ASSIGNMENT: Scan the entries below for the word "meson". Copy each line that has it.

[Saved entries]
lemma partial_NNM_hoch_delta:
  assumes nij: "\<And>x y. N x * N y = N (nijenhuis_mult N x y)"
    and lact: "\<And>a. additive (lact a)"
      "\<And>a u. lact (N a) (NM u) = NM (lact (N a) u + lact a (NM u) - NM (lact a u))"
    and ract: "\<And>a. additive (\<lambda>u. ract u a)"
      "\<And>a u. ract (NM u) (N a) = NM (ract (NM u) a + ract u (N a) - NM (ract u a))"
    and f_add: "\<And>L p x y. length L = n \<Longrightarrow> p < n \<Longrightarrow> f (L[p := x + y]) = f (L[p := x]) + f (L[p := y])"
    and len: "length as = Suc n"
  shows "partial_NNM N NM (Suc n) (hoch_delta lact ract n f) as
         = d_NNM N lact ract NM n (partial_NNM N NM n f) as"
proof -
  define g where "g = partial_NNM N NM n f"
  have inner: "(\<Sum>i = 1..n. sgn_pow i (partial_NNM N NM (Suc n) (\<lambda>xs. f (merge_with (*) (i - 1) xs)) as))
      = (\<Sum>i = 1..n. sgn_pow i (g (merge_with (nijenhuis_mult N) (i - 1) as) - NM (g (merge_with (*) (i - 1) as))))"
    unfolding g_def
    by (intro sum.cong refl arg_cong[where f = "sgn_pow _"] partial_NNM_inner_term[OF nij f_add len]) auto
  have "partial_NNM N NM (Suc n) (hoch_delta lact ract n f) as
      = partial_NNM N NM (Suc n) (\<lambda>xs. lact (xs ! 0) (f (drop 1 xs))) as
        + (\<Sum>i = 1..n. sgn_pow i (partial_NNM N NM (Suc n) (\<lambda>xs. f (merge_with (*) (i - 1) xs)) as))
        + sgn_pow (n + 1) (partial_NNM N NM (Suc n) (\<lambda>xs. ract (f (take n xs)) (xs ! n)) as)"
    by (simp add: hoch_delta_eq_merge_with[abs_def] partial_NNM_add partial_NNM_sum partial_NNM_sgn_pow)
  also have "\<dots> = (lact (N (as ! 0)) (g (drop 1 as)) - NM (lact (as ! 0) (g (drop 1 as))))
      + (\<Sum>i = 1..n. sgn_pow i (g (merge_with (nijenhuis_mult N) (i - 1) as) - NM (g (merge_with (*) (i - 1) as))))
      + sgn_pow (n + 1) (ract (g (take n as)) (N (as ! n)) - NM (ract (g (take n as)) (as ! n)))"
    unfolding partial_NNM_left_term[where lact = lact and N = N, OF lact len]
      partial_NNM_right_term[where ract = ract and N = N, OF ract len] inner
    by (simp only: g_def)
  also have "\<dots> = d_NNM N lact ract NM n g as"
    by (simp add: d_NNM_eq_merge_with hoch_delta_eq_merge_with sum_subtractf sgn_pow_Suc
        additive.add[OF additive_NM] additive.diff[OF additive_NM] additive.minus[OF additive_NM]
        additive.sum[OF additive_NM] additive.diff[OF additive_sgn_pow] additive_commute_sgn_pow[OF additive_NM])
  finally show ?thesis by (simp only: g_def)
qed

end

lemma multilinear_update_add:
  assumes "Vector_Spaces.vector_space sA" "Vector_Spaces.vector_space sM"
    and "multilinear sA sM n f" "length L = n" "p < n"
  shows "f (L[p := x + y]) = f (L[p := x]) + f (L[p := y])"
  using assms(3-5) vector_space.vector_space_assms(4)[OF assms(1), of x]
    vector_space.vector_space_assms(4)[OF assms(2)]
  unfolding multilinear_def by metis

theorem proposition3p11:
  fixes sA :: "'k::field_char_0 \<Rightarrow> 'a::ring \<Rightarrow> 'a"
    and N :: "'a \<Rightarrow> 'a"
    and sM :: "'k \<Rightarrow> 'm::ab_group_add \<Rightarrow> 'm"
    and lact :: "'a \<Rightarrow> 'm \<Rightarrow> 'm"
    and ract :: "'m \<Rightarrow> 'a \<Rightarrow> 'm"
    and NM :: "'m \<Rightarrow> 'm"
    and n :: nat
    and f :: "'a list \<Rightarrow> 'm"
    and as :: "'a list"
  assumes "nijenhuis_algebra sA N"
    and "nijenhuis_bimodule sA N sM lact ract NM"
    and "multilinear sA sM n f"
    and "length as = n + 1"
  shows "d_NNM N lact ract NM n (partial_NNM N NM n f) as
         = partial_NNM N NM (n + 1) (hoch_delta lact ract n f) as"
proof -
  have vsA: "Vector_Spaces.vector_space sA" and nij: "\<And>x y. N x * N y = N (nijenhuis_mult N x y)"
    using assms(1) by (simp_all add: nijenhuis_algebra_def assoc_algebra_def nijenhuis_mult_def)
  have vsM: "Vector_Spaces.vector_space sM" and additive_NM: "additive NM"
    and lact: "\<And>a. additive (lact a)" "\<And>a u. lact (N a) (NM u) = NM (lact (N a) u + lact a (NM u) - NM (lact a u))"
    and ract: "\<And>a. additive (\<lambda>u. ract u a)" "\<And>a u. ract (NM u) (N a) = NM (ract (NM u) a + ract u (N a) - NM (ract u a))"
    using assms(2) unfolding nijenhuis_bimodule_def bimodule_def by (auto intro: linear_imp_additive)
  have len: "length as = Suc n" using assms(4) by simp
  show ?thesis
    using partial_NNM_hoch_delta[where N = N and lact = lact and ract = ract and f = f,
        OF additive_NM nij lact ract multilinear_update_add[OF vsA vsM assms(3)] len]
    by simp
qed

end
==
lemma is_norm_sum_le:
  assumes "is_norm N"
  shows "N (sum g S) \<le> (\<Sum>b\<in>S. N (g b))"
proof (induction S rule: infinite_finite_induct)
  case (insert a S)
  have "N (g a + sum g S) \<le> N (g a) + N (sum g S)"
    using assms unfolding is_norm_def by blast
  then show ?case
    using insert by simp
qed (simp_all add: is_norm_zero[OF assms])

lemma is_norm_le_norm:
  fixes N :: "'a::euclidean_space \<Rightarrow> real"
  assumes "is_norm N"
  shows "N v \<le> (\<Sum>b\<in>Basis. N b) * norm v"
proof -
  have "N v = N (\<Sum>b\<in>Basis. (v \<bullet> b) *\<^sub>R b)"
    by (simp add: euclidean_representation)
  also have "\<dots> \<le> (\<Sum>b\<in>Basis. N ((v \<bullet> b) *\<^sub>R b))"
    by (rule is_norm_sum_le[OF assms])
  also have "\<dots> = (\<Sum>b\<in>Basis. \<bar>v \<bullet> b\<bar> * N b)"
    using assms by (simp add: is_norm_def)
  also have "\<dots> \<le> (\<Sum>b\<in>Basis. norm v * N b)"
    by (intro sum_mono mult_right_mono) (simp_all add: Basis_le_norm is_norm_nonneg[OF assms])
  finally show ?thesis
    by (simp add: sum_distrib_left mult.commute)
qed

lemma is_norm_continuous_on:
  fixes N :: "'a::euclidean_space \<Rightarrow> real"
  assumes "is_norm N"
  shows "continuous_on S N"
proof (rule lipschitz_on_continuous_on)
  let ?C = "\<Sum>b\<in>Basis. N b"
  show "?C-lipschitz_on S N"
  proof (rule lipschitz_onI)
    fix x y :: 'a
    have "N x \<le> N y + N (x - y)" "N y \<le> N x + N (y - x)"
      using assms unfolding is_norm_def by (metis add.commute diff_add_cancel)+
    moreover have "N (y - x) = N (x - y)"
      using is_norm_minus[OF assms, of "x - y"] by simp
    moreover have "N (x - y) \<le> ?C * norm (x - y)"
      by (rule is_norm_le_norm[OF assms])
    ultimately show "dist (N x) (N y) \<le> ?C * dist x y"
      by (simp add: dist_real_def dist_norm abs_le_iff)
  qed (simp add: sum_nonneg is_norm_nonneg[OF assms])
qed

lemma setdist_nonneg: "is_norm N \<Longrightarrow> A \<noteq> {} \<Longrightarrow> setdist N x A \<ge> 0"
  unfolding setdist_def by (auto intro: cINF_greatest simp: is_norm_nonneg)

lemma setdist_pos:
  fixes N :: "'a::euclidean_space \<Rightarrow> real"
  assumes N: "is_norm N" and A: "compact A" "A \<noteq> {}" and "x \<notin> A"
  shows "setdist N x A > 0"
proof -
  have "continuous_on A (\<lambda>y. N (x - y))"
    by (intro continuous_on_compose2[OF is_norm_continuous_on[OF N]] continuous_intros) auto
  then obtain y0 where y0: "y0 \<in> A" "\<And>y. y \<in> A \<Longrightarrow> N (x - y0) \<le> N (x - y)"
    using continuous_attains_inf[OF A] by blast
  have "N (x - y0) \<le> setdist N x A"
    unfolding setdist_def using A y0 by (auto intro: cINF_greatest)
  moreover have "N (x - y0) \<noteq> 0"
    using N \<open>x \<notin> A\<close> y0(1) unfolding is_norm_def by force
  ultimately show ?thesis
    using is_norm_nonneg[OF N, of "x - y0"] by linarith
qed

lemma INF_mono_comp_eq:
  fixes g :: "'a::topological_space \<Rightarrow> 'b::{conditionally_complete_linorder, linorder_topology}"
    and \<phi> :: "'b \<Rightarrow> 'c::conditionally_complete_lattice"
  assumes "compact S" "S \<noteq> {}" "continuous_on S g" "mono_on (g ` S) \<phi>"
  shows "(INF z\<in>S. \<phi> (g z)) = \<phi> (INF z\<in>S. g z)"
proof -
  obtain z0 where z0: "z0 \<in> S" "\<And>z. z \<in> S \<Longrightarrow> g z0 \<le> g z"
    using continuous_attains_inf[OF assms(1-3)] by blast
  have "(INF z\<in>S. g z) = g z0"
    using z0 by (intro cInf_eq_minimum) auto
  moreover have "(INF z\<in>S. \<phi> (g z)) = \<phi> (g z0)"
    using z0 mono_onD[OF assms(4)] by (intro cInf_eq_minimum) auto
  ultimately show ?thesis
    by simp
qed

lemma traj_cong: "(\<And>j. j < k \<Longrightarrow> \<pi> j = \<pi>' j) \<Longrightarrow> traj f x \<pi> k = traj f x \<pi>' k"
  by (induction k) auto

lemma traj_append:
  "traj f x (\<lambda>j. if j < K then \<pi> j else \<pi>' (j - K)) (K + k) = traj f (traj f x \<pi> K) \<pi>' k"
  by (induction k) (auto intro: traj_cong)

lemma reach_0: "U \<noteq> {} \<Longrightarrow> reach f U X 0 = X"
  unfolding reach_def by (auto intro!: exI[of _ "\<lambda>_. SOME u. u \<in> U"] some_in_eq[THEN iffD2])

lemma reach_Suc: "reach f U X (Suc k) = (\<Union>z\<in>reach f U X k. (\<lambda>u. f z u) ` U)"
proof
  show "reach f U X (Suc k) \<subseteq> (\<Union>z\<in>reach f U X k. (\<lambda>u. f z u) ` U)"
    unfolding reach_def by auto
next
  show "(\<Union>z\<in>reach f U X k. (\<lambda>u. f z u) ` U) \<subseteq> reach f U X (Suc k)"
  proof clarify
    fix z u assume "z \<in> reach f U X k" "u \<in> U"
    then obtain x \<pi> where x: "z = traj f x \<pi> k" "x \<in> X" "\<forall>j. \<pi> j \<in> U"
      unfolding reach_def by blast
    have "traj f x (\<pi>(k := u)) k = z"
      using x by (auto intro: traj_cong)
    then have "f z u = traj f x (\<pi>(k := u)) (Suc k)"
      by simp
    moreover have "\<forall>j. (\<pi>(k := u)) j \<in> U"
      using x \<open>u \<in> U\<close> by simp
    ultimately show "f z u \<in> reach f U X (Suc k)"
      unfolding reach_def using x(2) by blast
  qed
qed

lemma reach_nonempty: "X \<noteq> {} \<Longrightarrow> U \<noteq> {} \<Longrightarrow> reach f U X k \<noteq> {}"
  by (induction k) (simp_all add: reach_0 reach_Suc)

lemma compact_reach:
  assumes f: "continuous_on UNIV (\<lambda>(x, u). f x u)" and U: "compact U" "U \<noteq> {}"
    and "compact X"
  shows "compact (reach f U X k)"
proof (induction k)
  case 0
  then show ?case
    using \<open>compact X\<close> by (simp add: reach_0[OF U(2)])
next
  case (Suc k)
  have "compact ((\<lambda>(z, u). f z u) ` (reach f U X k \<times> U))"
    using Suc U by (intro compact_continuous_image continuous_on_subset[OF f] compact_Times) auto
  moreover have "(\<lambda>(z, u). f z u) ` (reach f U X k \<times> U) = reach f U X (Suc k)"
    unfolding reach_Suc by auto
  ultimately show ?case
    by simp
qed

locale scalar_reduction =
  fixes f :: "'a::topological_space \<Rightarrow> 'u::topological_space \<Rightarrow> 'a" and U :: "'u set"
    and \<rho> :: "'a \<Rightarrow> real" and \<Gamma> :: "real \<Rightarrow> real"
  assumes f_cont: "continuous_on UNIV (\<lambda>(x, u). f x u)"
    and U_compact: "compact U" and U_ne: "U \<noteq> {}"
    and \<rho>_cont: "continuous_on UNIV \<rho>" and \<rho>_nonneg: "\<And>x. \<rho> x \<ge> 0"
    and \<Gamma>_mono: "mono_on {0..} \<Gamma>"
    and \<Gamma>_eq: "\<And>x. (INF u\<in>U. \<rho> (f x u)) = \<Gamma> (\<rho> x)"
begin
* * *
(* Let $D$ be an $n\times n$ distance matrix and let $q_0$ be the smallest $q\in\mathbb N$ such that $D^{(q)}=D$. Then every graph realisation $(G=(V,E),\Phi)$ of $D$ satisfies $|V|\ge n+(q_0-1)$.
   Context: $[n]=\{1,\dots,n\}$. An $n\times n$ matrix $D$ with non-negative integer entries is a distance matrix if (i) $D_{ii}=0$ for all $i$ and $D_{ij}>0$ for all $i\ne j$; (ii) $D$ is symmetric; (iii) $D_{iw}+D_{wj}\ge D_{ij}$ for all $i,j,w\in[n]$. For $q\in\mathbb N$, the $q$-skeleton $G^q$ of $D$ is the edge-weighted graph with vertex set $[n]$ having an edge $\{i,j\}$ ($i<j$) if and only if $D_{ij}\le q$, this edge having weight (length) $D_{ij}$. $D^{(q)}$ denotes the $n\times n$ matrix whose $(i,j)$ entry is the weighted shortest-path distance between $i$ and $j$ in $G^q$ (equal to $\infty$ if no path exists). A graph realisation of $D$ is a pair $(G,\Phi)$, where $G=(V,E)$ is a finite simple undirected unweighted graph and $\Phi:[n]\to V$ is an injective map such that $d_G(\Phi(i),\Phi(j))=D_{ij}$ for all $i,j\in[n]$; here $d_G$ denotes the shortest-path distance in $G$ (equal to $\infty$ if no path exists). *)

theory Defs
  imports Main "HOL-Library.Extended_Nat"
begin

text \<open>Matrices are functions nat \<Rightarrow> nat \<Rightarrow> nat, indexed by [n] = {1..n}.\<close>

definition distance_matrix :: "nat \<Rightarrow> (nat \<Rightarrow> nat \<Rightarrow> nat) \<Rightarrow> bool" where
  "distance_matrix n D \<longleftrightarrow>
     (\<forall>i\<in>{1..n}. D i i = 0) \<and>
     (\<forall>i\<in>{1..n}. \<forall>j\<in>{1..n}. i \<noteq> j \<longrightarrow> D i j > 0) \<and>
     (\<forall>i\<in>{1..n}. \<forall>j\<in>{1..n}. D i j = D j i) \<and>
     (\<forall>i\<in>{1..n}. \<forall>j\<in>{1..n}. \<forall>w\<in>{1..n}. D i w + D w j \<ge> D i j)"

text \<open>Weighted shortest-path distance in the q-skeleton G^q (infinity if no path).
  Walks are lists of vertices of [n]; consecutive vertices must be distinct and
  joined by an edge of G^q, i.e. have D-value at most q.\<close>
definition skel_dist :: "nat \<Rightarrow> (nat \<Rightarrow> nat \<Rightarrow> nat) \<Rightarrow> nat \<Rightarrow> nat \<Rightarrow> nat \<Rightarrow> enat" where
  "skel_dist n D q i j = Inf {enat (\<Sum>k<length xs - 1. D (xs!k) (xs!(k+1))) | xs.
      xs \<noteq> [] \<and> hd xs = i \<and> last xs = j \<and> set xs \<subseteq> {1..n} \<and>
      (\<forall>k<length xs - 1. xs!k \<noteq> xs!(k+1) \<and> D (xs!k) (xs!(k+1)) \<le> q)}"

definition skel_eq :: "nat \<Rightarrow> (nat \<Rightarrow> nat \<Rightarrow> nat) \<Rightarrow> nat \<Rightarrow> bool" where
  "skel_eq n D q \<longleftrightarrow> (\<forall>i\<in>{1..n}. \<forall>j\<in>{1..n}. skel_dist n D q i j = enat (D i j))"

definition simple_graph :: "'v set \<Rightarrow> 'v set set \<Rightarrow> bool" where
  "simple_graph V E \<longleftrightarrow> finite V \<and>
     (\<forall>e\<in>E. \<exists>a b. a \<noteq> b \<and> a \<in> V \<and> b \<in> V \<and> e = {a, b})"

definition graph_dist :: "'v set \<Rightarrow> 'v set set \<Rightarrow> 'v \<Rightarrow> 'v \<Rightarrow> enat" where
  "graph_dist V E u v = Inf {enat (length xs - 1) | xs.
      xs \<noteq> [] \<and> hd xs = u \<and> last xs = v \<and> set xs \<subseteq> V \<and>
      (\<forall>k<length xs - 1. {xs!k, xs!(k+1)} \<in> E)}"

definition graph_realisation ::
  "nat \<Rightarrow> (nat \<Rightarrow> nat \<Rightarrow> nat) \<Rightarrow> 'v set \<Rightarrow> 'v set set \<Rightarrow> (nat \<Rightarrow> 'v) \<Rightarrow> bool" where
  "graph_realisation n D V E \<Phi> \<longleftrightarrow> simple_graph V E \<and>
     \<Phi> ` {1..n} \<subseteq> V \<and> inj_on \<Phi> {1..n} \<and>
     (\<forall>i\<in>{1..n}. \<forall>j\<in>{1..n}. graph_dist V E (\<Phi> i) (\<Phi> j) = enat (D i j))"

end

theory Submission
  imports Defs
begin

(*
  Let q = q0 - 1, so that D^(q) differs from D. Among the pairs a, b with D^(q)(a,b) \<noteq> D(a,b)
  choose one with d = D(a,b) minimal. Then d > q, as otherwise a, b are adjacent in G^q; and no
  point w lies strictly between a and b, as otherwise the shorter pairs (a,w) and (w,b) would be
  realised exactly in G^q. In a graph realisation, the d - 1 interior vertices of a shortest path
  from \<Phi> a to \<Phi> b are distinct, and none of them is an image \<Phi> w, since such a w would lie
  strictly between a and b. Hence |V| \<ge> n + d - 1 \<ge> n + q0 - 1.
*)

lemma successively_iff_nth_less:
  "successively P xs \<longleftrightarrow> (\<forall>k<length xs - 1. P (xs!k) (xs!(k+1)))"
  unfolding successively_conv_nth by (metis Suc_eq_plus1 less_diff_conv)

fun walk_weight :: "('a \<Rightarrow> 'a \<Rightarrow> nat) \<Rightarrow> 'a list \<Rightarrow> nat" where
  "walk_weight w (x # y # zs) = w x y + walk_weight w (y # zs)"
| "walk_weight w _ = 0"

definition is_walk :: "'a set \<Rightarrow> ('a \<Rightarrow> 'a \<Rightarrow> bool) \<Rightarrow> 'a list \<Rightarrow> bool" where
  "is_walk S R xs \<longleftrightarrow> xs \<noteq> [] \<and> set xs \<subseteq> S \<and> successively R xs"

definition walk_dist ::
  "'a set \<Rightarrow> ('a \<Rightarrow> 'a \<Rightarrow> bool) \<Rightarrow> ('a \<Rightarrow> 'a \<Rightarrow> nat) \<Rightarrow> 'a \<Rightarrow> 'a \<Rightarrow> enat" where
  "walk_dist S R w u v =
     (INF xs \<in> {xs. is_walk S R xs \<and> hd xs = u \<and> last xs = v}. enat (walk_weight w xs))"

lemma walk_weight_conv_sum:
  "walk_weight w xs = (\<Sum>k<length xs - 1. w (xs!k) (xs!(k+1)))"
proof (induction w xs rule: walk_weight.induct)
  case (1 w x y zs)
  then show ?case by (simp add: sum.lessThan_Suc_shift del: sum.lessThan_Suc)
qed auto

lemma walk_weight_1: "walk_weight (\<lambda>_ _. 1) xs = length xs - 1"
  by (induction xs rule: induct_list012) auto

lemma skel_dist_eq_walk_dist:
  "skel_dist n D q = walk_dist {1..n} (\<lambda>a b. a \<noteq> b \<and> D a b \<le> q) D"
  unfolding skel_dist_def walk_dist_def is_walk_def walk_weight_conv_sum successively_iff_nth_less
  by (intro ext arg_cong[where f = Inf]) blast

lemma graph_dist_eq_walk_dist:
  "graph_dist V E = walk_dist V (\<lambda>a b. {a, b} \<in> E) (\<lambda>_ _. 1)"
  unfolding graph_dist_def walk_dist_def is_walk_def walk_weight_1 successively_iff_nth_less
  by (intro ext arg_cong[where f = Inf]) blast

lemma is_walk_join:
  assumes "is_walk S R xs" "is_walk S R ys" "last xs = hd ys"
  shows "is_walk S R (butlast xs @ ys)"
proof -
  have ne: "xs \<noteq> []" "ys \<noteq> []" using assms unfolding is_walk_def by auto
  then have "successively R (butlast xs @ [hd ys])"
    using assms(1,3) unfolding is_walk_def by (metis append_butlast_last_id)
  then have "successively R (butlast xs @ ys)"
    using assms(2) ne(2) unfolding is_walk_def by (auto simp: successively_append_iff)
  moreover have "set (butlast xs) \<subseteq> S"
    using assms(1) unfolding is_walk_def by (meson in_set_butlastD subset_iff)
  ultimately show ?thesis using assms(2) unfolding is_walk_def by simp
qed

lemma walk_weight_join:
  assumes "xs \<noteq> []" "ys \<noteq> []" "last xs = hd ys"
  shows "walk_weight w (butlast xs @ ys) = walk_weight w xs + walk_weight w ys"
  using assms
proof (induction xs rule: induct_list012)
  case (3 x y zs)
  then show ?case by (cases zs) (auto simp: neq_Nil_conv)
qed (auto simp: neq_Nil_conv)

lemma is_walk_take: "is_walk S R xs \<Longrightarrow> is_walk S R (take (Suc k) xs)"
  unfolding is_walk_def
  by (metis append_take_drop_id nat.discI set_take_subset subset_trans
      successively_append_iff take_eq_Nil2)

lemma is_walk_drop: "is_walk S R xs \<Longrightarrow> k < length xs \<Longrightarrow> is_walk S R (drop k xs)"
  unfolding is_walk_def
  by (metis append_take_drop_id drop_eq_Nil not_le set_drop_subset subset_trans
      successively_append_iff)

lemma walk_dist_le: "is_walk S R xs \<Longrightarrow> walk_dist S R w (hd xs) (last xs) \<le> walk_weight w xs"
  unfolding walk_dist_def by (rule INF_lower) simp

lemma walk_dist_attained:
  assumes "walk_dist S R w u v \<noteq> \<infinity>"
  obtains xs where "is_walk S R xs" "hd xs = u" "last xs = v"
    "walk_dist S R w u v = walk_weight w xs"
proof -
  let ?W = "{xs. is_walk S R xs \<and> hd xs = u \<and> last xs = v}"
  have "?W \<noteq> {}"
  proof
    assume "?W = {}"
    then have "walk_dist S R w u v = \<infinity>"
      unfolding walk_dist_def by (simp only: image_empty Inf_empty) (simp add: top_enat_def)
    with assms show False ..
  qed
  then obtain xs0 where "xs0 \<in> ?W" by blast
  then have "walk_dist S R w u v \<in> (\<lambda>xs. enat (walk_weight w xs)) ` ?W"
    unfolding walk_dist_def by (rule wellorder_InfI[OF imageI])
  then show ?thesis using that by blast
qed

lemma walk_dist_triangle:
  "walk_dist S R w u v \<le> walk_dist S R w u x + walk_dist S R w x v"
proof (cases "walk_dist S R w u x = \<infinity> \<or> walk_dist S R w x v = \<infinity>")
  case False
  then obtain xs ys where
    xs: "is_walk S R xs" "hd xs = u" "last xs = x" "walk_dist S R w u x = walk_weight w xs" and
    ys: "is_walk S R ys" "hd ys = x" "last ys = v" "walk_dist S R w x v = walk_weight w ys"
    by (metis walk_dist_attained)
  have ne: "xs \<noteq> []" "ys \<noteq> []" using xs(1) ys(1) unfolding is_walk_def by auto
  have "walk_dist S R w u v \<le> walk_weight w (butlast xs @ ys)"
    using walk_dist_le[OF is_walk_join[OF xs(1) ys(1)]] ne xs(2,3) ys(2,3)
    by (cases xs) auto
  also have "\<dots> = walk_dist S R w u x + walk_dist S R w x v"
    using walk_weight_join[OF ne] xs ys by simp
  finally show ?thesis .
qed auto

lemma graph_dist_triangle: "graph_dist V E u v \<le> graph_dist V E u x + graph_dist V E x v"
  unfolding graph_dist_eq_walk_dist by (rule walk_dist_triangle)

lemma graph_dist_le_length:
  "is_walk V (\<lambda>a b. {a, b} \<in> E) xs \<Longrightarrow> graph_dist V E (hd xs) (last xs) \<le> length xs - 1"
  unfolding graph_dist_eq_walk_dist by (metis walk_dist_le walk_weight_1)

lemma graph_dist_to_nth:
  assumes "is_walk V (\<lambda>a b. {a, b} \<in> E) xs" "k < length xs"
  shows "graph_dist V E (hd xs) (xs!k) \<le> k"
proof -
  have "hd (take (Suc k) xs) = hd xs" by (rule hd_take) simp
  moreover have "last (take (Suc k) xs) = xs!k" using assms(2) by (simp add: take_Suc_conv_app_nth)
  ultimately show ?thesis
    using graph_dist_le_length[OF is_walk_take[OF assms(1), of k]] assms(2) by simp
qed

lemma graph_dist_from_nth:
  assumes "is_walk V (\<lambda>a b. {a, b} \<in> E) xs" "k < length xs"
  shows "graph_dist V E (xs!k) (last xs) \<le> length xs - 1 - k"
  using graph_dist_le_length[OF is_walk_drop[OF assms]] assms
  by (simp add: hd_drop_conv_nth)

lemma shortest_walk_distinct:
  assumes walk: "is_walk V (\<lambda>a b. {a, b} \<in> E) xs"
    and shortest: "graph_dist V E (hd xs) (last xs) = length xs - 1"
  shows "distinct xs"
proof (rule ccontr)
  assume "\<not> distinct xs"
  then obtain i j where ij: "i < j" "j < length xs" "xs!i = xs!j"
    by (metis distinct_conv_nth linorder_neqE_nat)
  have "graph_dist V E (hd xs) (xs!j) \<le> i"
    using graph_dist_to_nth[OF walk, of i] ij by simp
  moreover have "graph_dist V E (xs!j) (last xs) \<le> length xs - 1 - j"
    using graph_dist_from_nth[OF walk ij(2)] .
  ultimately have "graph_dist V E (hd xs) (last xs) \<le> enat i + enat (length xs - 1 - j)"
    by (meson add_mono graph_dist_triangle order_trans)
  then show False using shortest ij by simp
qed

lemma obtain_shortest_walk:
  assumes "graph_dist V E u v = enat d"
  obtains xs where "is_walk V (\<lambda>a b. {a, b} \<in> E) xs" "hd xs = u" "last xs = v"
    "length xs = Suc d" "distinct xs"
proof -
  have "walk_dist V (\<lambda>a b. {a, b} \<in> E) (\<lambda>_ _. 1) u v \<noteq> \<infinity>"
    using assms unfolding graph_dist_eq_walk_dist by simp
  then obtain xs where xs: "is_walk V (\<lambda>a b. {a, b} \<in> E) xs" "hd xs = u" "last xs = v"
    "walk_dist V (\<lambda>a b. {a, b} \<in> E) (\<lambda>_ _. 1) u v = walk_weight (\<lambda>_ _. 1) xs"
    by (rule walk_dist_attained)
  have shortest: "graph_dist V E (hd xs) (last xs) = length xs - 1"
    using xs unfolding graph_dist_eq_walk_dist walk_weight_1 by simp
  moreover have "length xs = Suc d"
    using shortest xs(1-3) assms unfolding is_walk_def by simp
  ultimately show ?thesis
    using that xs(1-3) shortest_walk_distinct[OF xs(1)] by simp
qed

EXERCISE RESULT:
    using assms(1) unfolding is_walk_def by (meson in_set_butlastD subset_iff)
    by (meson add_mono graph_dist_triangle order_trans)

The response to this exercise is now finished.